Greetings! I hope you had a wonderful Thanksgiving.
One benefit of owning your home is having the ability to rent it out, whether that is your intent from the beginning as investment property, or when you move out and wish to keep it as a rental. That may be simply as an investment at that time, or you are "underwater" on the mortgage, as happened to a lot of folks 2008-2012, or you want to build more equity before selling. There are several layers of restrictions that come into play on this decision, so please take the time to know your rights.
** Your Homeowners Association (HOA) may limit or disallow your ability to rent either short term or at all. Many condo and villa developments have this spelled out in their rules and regs, called bylaws or indentures. It is rare for a single family subdivision to restrict it, but I am sure it is out there. When you are purchasing a home, you can make the sale subject to your review of these documents and a right to back out, but make sure your Realtor includes this protection in the offer.

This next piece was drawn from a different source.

(* Fix positive integers $K$, $N$, $L$, a number $P_e\in[0,1]$ and a vector $\mathbf{a}\in\mathbb{C}^{KL}$. In the model described in the context, let $\delta\mathbf{a}_f=-\frac{1}{M}\hat{\mathbf{S}}^T\delta\mathbf{S}\,\mathbf{a}$. Then $E\{\delta\mathbf{a}_f\}\rightarrow 2P_e\mathbf{a}$ almost surely as $M\rightarrow\infty$.
   Context: Synchronous DS-CDMA model with $K$ users, spreading gain $N$, $L$ paths per user and $M$ symbol periods. The channel gains $\mathbf{a}=(a_{11},a_{12},\dots,a_{1L},a_{21},\dots,a_{KL})^T\in\mathbb{C}^{KL}$ are fixed (deterministic). For each user $k$, path $l$ and symbol period $t\in\{1,\dots,M\}$, the spreading code $\mathbf{s}_{kl}(t)\in\mathbb{R}^N$ has entries in $\{\pm1/\sqrt{N}\}$, which are i.i.d. uniform, and the codes are mutually independent across $(k,l,t)$. The transmitted symbols $b_k(t)\in\{\pm1\}$ are i.i.d. uniform; the fed-back decisions satisfy $\hat b_k(t)=b_k(t)$ with probability $1-P_e$ and $\hat b_k(t)=-b_k(t)$ with probability $P_e$, independently across $(k,t)$. Let $\mathbf{S}(m)=(\mathbf{s}_{11}(m),\dots,\mathbf{s}_{KL}(m))\in\mathbb{R}^{N\times KL}$, $\mathbf{B}(m)=\mathrm{diag}(b_1(m)\mathbf{I}_L,\dots,b_K(m)\mathbf{I}_L)$, $\hat{\mathbf{B}}(m)=\mathrm{diag}(\hat b_1(m)\mathbf{I}_L,\dots,\hat b_K(m)\mathbf{I}_L)$; let $\mathbf{S}$ (resp. $\hat{\mathbf{S}}$) be the $NM\times KL$ matrix obtained by stacking $\mathbf{S}(1)\mathbf{B}(1),\dots,\mathbf{S}(M)\mathbf{B}(M)$ (resp. $\mathbf{S}(1)\hat{\mathbf{B}}(1),\dots,\mathbf{S}(M)\hat{\mathbf{B}}(M)$) vertically, and $\delta\mathbf{S}=\mathbf{S}-\hat{\mathbf{S}}$. The expectation $E\{\cdot\}$ is taken over the symbols and decisions, conditionally on the spreading codes; "almost surely" refers to the randomness of the spreading codes. *)

theory Defs
  imports "HOL-Probability.Probability"
begin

** Municipalities are becoming more active in prohibiting or limiting short term rentals, usually defined as 30 days or less. This is targeted at the Airbnb industry which allows individuals to advertise for rent as little as one night, either part or all of their home. St Louis City allows it with a code inspection - occupancy permit process. Maplewood allows it but requires the owner to spend the night on-site and post their contact information in case of problems, while also applying for a business license and occupancy permit. Chesterfield, Hazelwood, Ladue and others have passed laws this year prohibiting any home rentals for less than 30 days. Most municipalities require code inspections and occupancy permits for home rentals of any length, even when they are not required for sales. Check with your local government as the short term rental ability is changing rapidly.

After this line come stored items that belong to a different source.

text \<open>The construction W(U); the choice of X among P, Q, C of maximal formal
  length and the order of Y, Z are arbitrary, so W is a relation.\<close>
inductive isW :: "'a list \<Rightarrow> 'a fexpr \<Rightarrow> bool" where
  base: "isW [a, b] (Add (Gen a) (Gen b))"
| step: "\<lbrakk> length U \<ge> 4;
           L = take (length U div 2) U; R = drop (length U div 2) U;
           isW L P; isW R Q; C = Add (btree L) (btree R);
           mset [X, Y, Z] = mset [P, Q, C];
           flen P \<le> flen X; flen Q \<le> flen X; flen C \<le> flen X \<rbrakk>
         \<Longrightarrow> isW U (Comm X (Comm Y Z))"

end

(*
  Removing two distinct nails a, b kills W(V): if both lie in one half, induction kills P or Q;
  otherwise a kills B(L) and b kills B(R), since a balanced commutator tree dies as soon as one of
  its leaves does, so C dies; and a commutator with a trivial entry is trivial.

  Removing at most one nail leaves W(V) nontrivial, which is witnessed by homomorphisms into the
  alternating group on {0, ..., 4}.  By induction along the construction, W(U) and B(U) can be sent
  simultaneously to omega = (1 2)(3 4) and to the 5-cycle beta, and for every nail a of U there is a
  homomorphism killing a and sending W(U) to the 3-cycle kappa.  In the inductive step the
  homomorphisms on the two halves are conjugated independently and glued together; for each of the
  six ways of arranging P, Q, C into [X, [Y, Z]] suitable conjugators exist.

  For the length, lambda(W) = 4 (lambda P + lambda Q + lambda C) - 2 lambda X with
  lambda C = 2 * 4^(t-1); for t >= 3 the maximum lambda X is lambda P = lambda Q, and the resulting
  recursion solves to 8/3 * 6^t - 4 * 4^t.
*)

theory Submission
  imports Defs "HOL-Combinatorics.Perm"
begin

unbundle permutation_syntax

declare btree.simps [simp del]

section \<open>Free reduction\<close>

lemma inv_inv_letter [simp]: "inv_letter (inv_letter l) = l"
  by (cases l) simp

fun reduced :: "'a letter list \<Rightarrow> bool" where
  "reduced (x # y # ys) \<longleftrightarrow> y \<noteq> inv_letter x \<and> reduced (y # ys)"
| "reduced _ \<longleftrightarrow> True"

lemma reduced_ConsD: "reduced (x # xs) \<Longrightarrow> reduced xs"
  by (cases xs) auto

lemma reduced_red: "reduced (red xs)"
  by (induction xs) (auto split: list.split dest: reduced_ConsD)

lemma red_reduced: "reduced xs \<Longrightarrow> red xs = xs"
  by (induction xs rule: reduced.induct) auto

lemma red_red [simp]: "red (red xs) = red xs"
  by (rule red_reduced[OF reduced_red])

lemma red_Cons_red: "red (x # red xs) = red (x # xs)"
  by simp

declare red.simps(2) [simp del]

lemma red_append_red_right: "red (u @ red v) = red (u @ v)"
proof (induction u)
  case (Cons x u)
  then show ?case
    by (metis append_Cons red_Cons_red)
qed simp

lemma red_cancel: "red (x # inv_letter x # z) = red z"
proof -
  have outer: "red (x # inv_letter x # z) = red (x # red (inv_letter x # z))"
    by (simp only: red_Cons_red)
  show ?thesis
  proof (cases "red z")
    case Nil
    then show ?thesis
      using outer by (simp add: red.simps(2))
  next
    case (Cons y ys)
    show ?thesis
    proof (cases "y = x")
      case True
      with Cons have "red (inv_letter x # z) = ys"
        by (simp add: red.simps(2))
      with outer have "red (x # inv_letter x # z) = red (x # ys)"
        by simp
      also have "\<dots> = red z"
        using Cons True reduced_red[of z] by (simp add: red_reduced)
      finally show ?thesis .
    next
      case False
      with Cons have "red (inv_letter x # z) = inv_letter x # red z"
        by (simp add: red.simps(2))
      with outer show ?thesis
        by (simp add: red.simps(2))
    qed
  qed
qed

lemma red_append_red_left: "red (red u @ v) = red (u @ v)"
proof (induction u)
  case (Cons x u)
  have IH: "red ((x # u) @ v) = red (x # (red u @ v))"
    by (metis Cons.IH append_Cons red_Cons_red)
  show ?case
  proof (cases "red u")
    case Nil
    then show ?thesis
      using IH by (simp add: red.simps(2))
  next
    case (Cons y ys)
    show ?thesis
    proof (cases "y = inv_letter x")
      case True
      with Cons have "red (x # u) = ys"
        by (simp add: red.simps(2))
      with Cons True IH show ?thesis
        by (simp add: red_cancel)
    next
      case False
      with Cons have "red (x # u) = x # red u"
        by (simp add: red.simps(2))
      with IH show ?thesis
        by simp
    qed
  qed
qed simp

lemma red_append_cong:
  assumes "red a = red b"
  shows "red (u @ a @ v) = red (u @ b @ v)"
proof -
  have "red (u @ a @ v) = red (u @ red (red a @ v))"
    by (simp only: red_append_red_left red_append_red_right)
  also have "\<dots> = red (u @ b @ v)"
    by (simp only: assms red_append_red_left red_append_red_right)
  finally show ?thesis .
qed

lemma length_red_le: "length (red w) \<le> length w"
  by (induction w) (auto simp: red.simps(2) split: list.split)

lemma inv_word_Nil [simp]: "inv_word [] = []"
  and inv_word_Cons [simp]: "inv_word (x # w) = inv_word w @ [inv_letter x]"
  and inv_word_append [simp]: "inv_word (u @ v) = inv_word v @ inv_word u"
  by (simp_all add: inv_word_def)

lemma inv_word_inv_word [simp]: "inv_word (inv_word w) = w"
  by (simp add: inv_word_def rev_map comp_def)

lemma red_inv_word_append_self [simp]: "red (inv_word w @ w) = []"
proof (induction w)
  case (Cons x w)
  have "red [inv_letter x, x] = []"
    using red_cancel[of "inv_letter x" "[]"] by simp
  then have "red (inv_word w @ [inv_letter x, x] @ w) = red (inv_word w @ [] @ w)"
    using red_append_cong[of "[inv_letter x, x]" "[]"] by simp
  then show ?case
    using Cons.IH by simp
qed simp

lemma red_append_inv_word_self [simp]: "red (w @ inv_word w) = []"
  using red_inv_word_append_self[of "inv_word w"] by simp

lemma red_inv_word_Nil: "red w = [] \<Longrightarrow> red (inv_word w) = []"
  using red_append_cong[of "[]" w "inv_word w" "[]"] by simp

** On a normal home loan, your lender will require you to move in and occupy the property as your primary residence within 60 days or as provided on the mortgage documents. The loan typically allows you to rent it out after you have occupied it for a certain amount of time, ask your lender on this. If you are going to rent the home right after purchase, you need to get a loan for "non-owner occupied". It will require a higher down payment and higher interest rate.
** Your insurance carrier will designate a different type of policy once it becomes a rental. It is generally a little less cost, as you are not insuring your own personal property, but still covering the structure and liability. The tenant should have a policy too.
** There are taxation policies regarding rental income, what expenses you can deduct, and capital gains when you sell it. This is one of the bright spots of investment homes in that the expenses and depreciation of the home can help you take a "loss" toward your income tax. When you sell, the depreciation is "recaptured" but you can delay the potential gains tax indefinitely thru 1031 exchanges.
** Certain disclosures must be made to tenants, such as the presence or possibility of lead based paint (built before 1978), and noise disclosure in Chesterfield (Spirit airport).
** Tenant rights are a separate area of the law, although I do not know it well enough to detail it. Treat the tenant right, as you would want to be treated.
Having said all of this, purchasing and holding homes for rent is still quite popular and can be very profitable, just realize there are rules to play by and we can all live in peace.